- Work request
Every line of the records below that holds the word "where" should be copied out.

- Materials provided

lemma (in group) symplectic_family_action_relations:
  assumes z: "z \<in> group_center G" and F: "symplectic_family G (inv z) r t b"
    and j: "j \<in> {1..b}" and k: "k \<in> {1..b}"
  shows "(j < k \<longrightarrow> gcomm G (r j) (r k) = \<one>) \<and>
    (j = k \<longrightarrow> gcomm G (r j) (r j) = \<one>) \<and>
    (k < j \<longrightarrow> gcomm G (r j) (r k) = inv z \<otimes> r k \<otimes> inv (r j) \<otimes> z \<otimes> r j \<otimes> inv (r k)) \<and>
    (j < k \<longrightarrow> gcomm G (r j) (t k) = \<one>) \<and>
    (j = k \<longrightarrow> gcomm G (r j) (t j) = inv z) \<and>
    (k < j \<longrightarrow> gcomm G (r j) (t k) = gcomm G (inv z) (t k)) \<and>
    gcomm G (r j) z = gcomm G (inv (r j)) z \<and>
    (j < k \<longrightarrow> gcomm G (t j) (r k) = \<one>) \<and>
    (j = k \<longrightarrow> gcomm G (t j) (r j) = inv (t j) \<otimes> z \<otimes> t j) \<and>
    (k < j \<longrightarrow> gcomm G (t j) (r k) = gcomm G (inv (t j)) z) \<and>
    (j < k \<longrightarrow> gcomm G (t j) (t k) = \<one>) \<and>
    (j = k \<longrightarrow> gcomm G (t j) (t j) = gcomm G (inv (t j)) z) \<and>
    (k < j \<longrightarrow> gcomm G (t j) (t k) =
       gprod G [inv (t j), z, t j, inv z, t k, z, inv (t j), inv z, t j, inv (t k)]) \<and>
    gcomm G (t j) z = gcomm G (inv (t j)) z"
proof -
  have zc: "z \<in> carrier G" and izc: "inv z \<in> group_center G"
    using z center_carrier subgroup.m_inv_closed[OF center_subgroup] by auto
  have c: "r j \<in> carrier G" "r k \<in> carrier G" "t j \<in> carrier G" "t k \<in> carrier G"
    using F j k by (auto simp: symplectic_family_def)
  have rr: "gcomm G (r j) (r k) = \<one>" and tt: "gcomm G (t j) (t k) = \<one>"
    and rt: "gcomm G (r j) (t k) = (if j = k then inv z else \<one>)"
    and tr: "gcomm G (t j) (r k) = (if j = k then z else \<one>)"
    using F j k symplectic_family_swap[OF F] zc by (auto simp: symplectic_family_def)
  have central: "gcomm G g z = \<one>" "gcomm G (inv z) g = \<one>" if "g \<in> carrier G" for g
    using that z izc zc by (simp_all add: gcomm_eq_one_iff center_commute)
  have rkj: "r k \<otimes> inv (r j) \<in> carrier G"
    using c by simp
  have "inv z \<otimes> r k \<otimes> inv (r j) \<otimes> z \<otimes> r j \<otimes> inv (r k)
      = inv z \<otimes> ((r k \<otimes> inv (r j)) \<otimes> z) \<otimes> (r j \<otimes> inv (r k))"
    using c zc by (simp add: m_assoc)
  also have "\<dots> = inv z \<otimes> (z \<otimes> (r k \<otimes> inv (r j))) \<otimes> (r j \<otimes> inv (r k))"
    by (simp only: center_commute[OF z rkj])
  finally have word_r: "inv z \<otimes> r k \<otimes> inv (r j) \<otimes> z \<otimes> r j \<otimes> inv (r k) = \<one>"
    using c zc by (simp add: m_assoc)
  have "gprod G [inv (t j), z, t j, inv z, t k, z, inv (t j), inv z, t j, inv (t k)]
      = (inv (t j) \<otimes> z \<otimes> t j) \<otimes> inv z \<otimes> (t k \<otimes> (z \<otimes> (inv (t j) \<otimes> inv z \<otimes> t j)) \<otimes> inv (t k))"
    using c zc by (simp add: gprod_def m_assoc)
  also have "\<dots> = z \<otimes> inv z \<otimes> (t k \<otimes> (z \<otimes> inv z) \<otimes> inv (t k))"
    by (simp only: center_conj[OF z c(3)] center_conj[OF izc c(3)])
  finally have word_t: "gprod G [inv (t j), z, t j, inv z, t k, z, inv (t j), inv z, t j, inv (t k)] = \<one>"
    using c zc by simp
  show ?thesis
    using c rr tt rt tr central word_r word_t center_conj[OF z c(3)] by auto
qed

lemma (in group) ddks_strong_of_symplectic_family:
  assumes "2 \<le> b" "2 \<le> n"
    and z: "z \<in> group_center G" "ord z = n" "n dvd b + 1"
    and F: "symplectic_family G (inv z) r t b"
    and gen: "generate G (r ` {1..b} \<union> t ` {1..b} \<union> {z}) = carrier G"
  shows "ddks_strong G b n r t r t z"
proof -
  have zc: "z \<in> carrier G"
    using z center_carrier by auto
  have "z [^] b \<otimes> z = \<one>"
    using z pow_eq_id[OF zc, of "b + 1"] by simp
  then have "z [^] b = inv z"
    using inv_equality zc by auto
  note surface = symplectic_family_surface_relations[OF z(1) this F]
  have gen2: "generate G (r ` {1..b} \<union> t ` {1..b} \<union> r ` {1..b} \<union> t ` {1..b} \<union> {z}) = carrier G"
    using gen by (metis Un_absorb Un_assoc Un_left_commute)
  have closed: "\<forall>j\<in>{1..b}. r j \<in> carrier G \<and> t j \<in> carrier G \<and> r j \<in> carrier G \<and> t j \<in> carrier G"
    using F by (simp add: symplectic_family_def)
  show ?thesis
    unfolding ddks_strong_def ddks_def Let_def
    by (intro conjI ballI symplectic_family_action_relations[OF z(1) F])
      (simp_all only: assms zc surface gen2 closed)
qed

section \<open>Symplectic bases of extra-special groups\<close>

lemma mod_inverse_exists:
  fixes p k :: nat
  assumes "Factorial_Ring.prime p" "\<not> p dvd k"
  obtains j where "k * j mod p = 1"
proof -
  have k: "k \<noteq> 0"
    using assms(2) by (metis dvd_0_right)
  have "coprime k p"
    using prime_imp_coprime[OF assms] by (simp add: ac_simps)
  then obtain j i where "k * j = p * i + 1"
    using bezout_nat[OF k, of p] by (auto simp: coprime_iff_gcd_eq_1)
  then show ?thesis
    using that prime_gt_1_nat[OF assms(1)] by (metis mod_mult_self3 mod_less mult.commute)
qed

lemma image_fun_upd_atLeastAtMost_Suc:
  "(f(Suc m := a)) ` {1..Suc m} = insert a (f ` {1..m})"
proof -
  have "{1..Suc m} = insert (Suc m) {1..m}"
    by auto
  then show ?thesis
    by auto
qed

locale extra_special_group = group G for G (structure) +
  fixes p :: nat and z :: 'a
  assumes finite_carrier: "finite (carrier G)"
    and prime_p: "Factorial_Ring.prime p"
    and generate_z: "generate G {z} = group_center G"
    and card_center: "card (group_center G) = p"
    and gcomm_in_center: "a \<in> carrier G \<Longrightarrow> b \<in> carrier G \<Longrightarrow> gcomm G a b \<in> group_center G"
begin

lemma z_center: "z \<in> group_center G"
  using generate.incl[of z "{z}" G] generate_z by simp

lemma z_carrier: "z \<in> carrier G"
  using z_center center_carrier by blast

lemma ord_z: "ord z = p"
  using generate_pow_card[OF z_carrier] generate_z card_center by simp

lemma p_ge_2: "2 \<le> p"
  using prime_p prime_ge_2_nat by blast
(* Let $H$ be a finite-dimensional Hopf algebra over a field $k$, $R\subseteq H$ a Hopf subalgebra, $Q=H/R^+H$, and for $n\ge0$ let $E_n=\mathrm{End}(Q^{\otimes n})_H$, acting on $Q^{\otimes(n+m)}$ (for $m\ge0$) by $\alpha\mapsto\alpha\otimes\mathrm{id}_Q^{\otimes m}$, making $Q^{\otimes(n+m)}$ an $E_n$-$H$-bimodule. Then for every $n\in\mathbb{N}$, $Q^{\otimes(n+1)}$ is isomorphic to a direct summand of $Q^{\otimes(n+2)}$ as $E_n$-$H$-bimodules. Consequently $Q^{\otimes(n+1)}$ is isomorphic to a direct summand of $Q^{\otimes(n+m)}$ as $E_n$-$H$-bimodules for any $m\ge n+1\ge 2$. If moreover $H$ is a semisimple extension of $R$, then $Q^{\otimes n}$ is isomorphic to a direct summand of $Q^{\otimes(n+m)}$ as $E_n$-$H$-bimodules for any $m\ge n\ge0$.
   Context: $R^+=\ker\varepsilon\cap R$; $Q=H/R^+H$ is a right $H$-module coalgebra with coproduct $\overline{h}\mapsto\overline{h_{(1)}}\otimes\overline{h_{(2)}}$ and counit $\overline{h}\mapsto\varepsilon(h)$. $Q^{\otimes n}$ is the $n$-fold tensor power in mod-$H$ (tensor over $k$, diagonal $H$-action), $Q^{\otimes 0}=k$ with trivial action. $H$ is a (right) semisimple extension of $R$ if every short exact sequence of right $H$-modules which splits as a sequence of $R$-modules splits as $H$-modules; for Hopf subalgebra pairs this is equivalent to the existence of $t\in Q$ with $th=\varepsilon(h)t$ for all $h\in H$ and $\varepsilon_Q(t)=1$. *)

theory Defs
  imports Main
begin

text \<open>A finite-dimensional Hopf algebra H over the field k is given by a finite basis
indexed by the finite type 'b; vectors of H are functions 'b => 'k.
Structure constants: e_a e_b = sum_l hm a b l e_l; 1 = sum_a hu a e_a;
Delta(e_c) = sum_(i,j) hd c i j e_i (x) e_j; eps(e_c) = he c; S(e_a) = sum_b hS a b e_b.\<close>

record ('k, 'b) hopf =
  hm :: "'b \<Rightarrow> 'b \<Rightarrow> 'b \<Rightarrow> 'k"
  hu :: "'b \<Rightarrow> 'k"
  hd :: "'b \<Rightarrow> 'b \<Rightarrow> 'b \<Rightarrow> 'k"
  he :: "'b \<Rightarrow> 'k"
  hS :: "'b \<Rightarrow> 'b \<Rightarrow> 'k"

definition kd :: "'b \<Rightarrow> 'b \<Rightarrow> 'k::field" where
  "kd a b = (if a = b then 1 else 0)"

definition hopf_algebra :: "('k::field, 'b::finite) hopf \<Rightarrow> bool" where
  "hopf_algebra H \<longleftrightarrow>
     \<comment> \<open>associativity\<close>
     (\<forall>a b c l. (\<Sum>p\<in>UNIV. hm H a b p * hm H p c l) = (\<Sum>p\<in>UNIV. hm H b c p * hm H a p l)) \<and>
     \<comment> \<open>unit\<close>
     (\<forall>b l. (\<Sum>a\<in>UNIV. hu H a * hm H a b l) = kd b l) \<and>
     (\<forall>b l. (\<Sum>a\<in>UNIV. hu H a * hm H b a l) = kd b l) \<and>
     \<comment> \<open>coassociativity\<close>
     (\<forall>c i j l. (\<Sum>a\<in>UNIV. hd H c a l * hd H a i j) = (\<Sum>a\<in>UNIV. hd H c i a * hd H a j l)) \<and>
     \<comment> \<open>counit\<close>
     (\<forall>c j. (\<Sum>a\<in>UNIV. hd H c a j * he H a) = kd c j) \<and>
     (\<forall>c j. (\<Sum>a\<in>UNIV. hd H c j a * he H a) = kd c j) \<and>
     \<comment> \<open>comultiplication is an algebra map\<close>
     (\<forall>a b i j. (\<Sum>c\<in>UNIV. hm H a b c * hd H c i j) =
        (\<Sum>p\<in>UNIV. \<Sum>q\<in>UNIV. \<Sum>r\<in>UNIV. \<Sum>s\<in>UNIV.
            hd H a p q * hd H b r s * hm H p r i * hm H q s j)) \<and>
     (\<forall>i j. (\<Sum>c\<in>UNIV. hu H c * hd H c i j) = hu H i * hu H j) \<and>
     \<comment> \<open>counit is an algebra map\<close>
     (\<forall>a b. (\<Sum>c\<in>UNIV. hm H a b c * he H c) = he H a * he H b) \<and>
     (\<Sum>c\<in>UNIV. hu H c * he H c) = 1 \<and>
     \<comment> \<open>antipode\<close>
     (\<forall>c l. (\<Sum>p\<in>UNIV. \<Sum>q\<in>UNIV. hd H c p q * (\<Sum>r\<in>UNIV. hS H p r * hm H r q l))
              = he H c * hu H l) \<and>
     (\<forall>c l. (\<Sum>p\<in>UNIV. \<Sum>q\<in>UNIV. hd H c p q * (\<Sum>r\<in>UNIV. hS H q r * hm H p r l))
              = he H c * hu H l)"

- Answer space
  obtains j where "k * j mod p = 1"
  then obtain j i where "k * j = p * i + 1"
definition kd :: "'b \<Rightarrow> 'b \<Rightarrow> 'k::field" where
definition hopf_algebra :: "('k::field, 'b::finite) hopf \<Rightarrow> bool" where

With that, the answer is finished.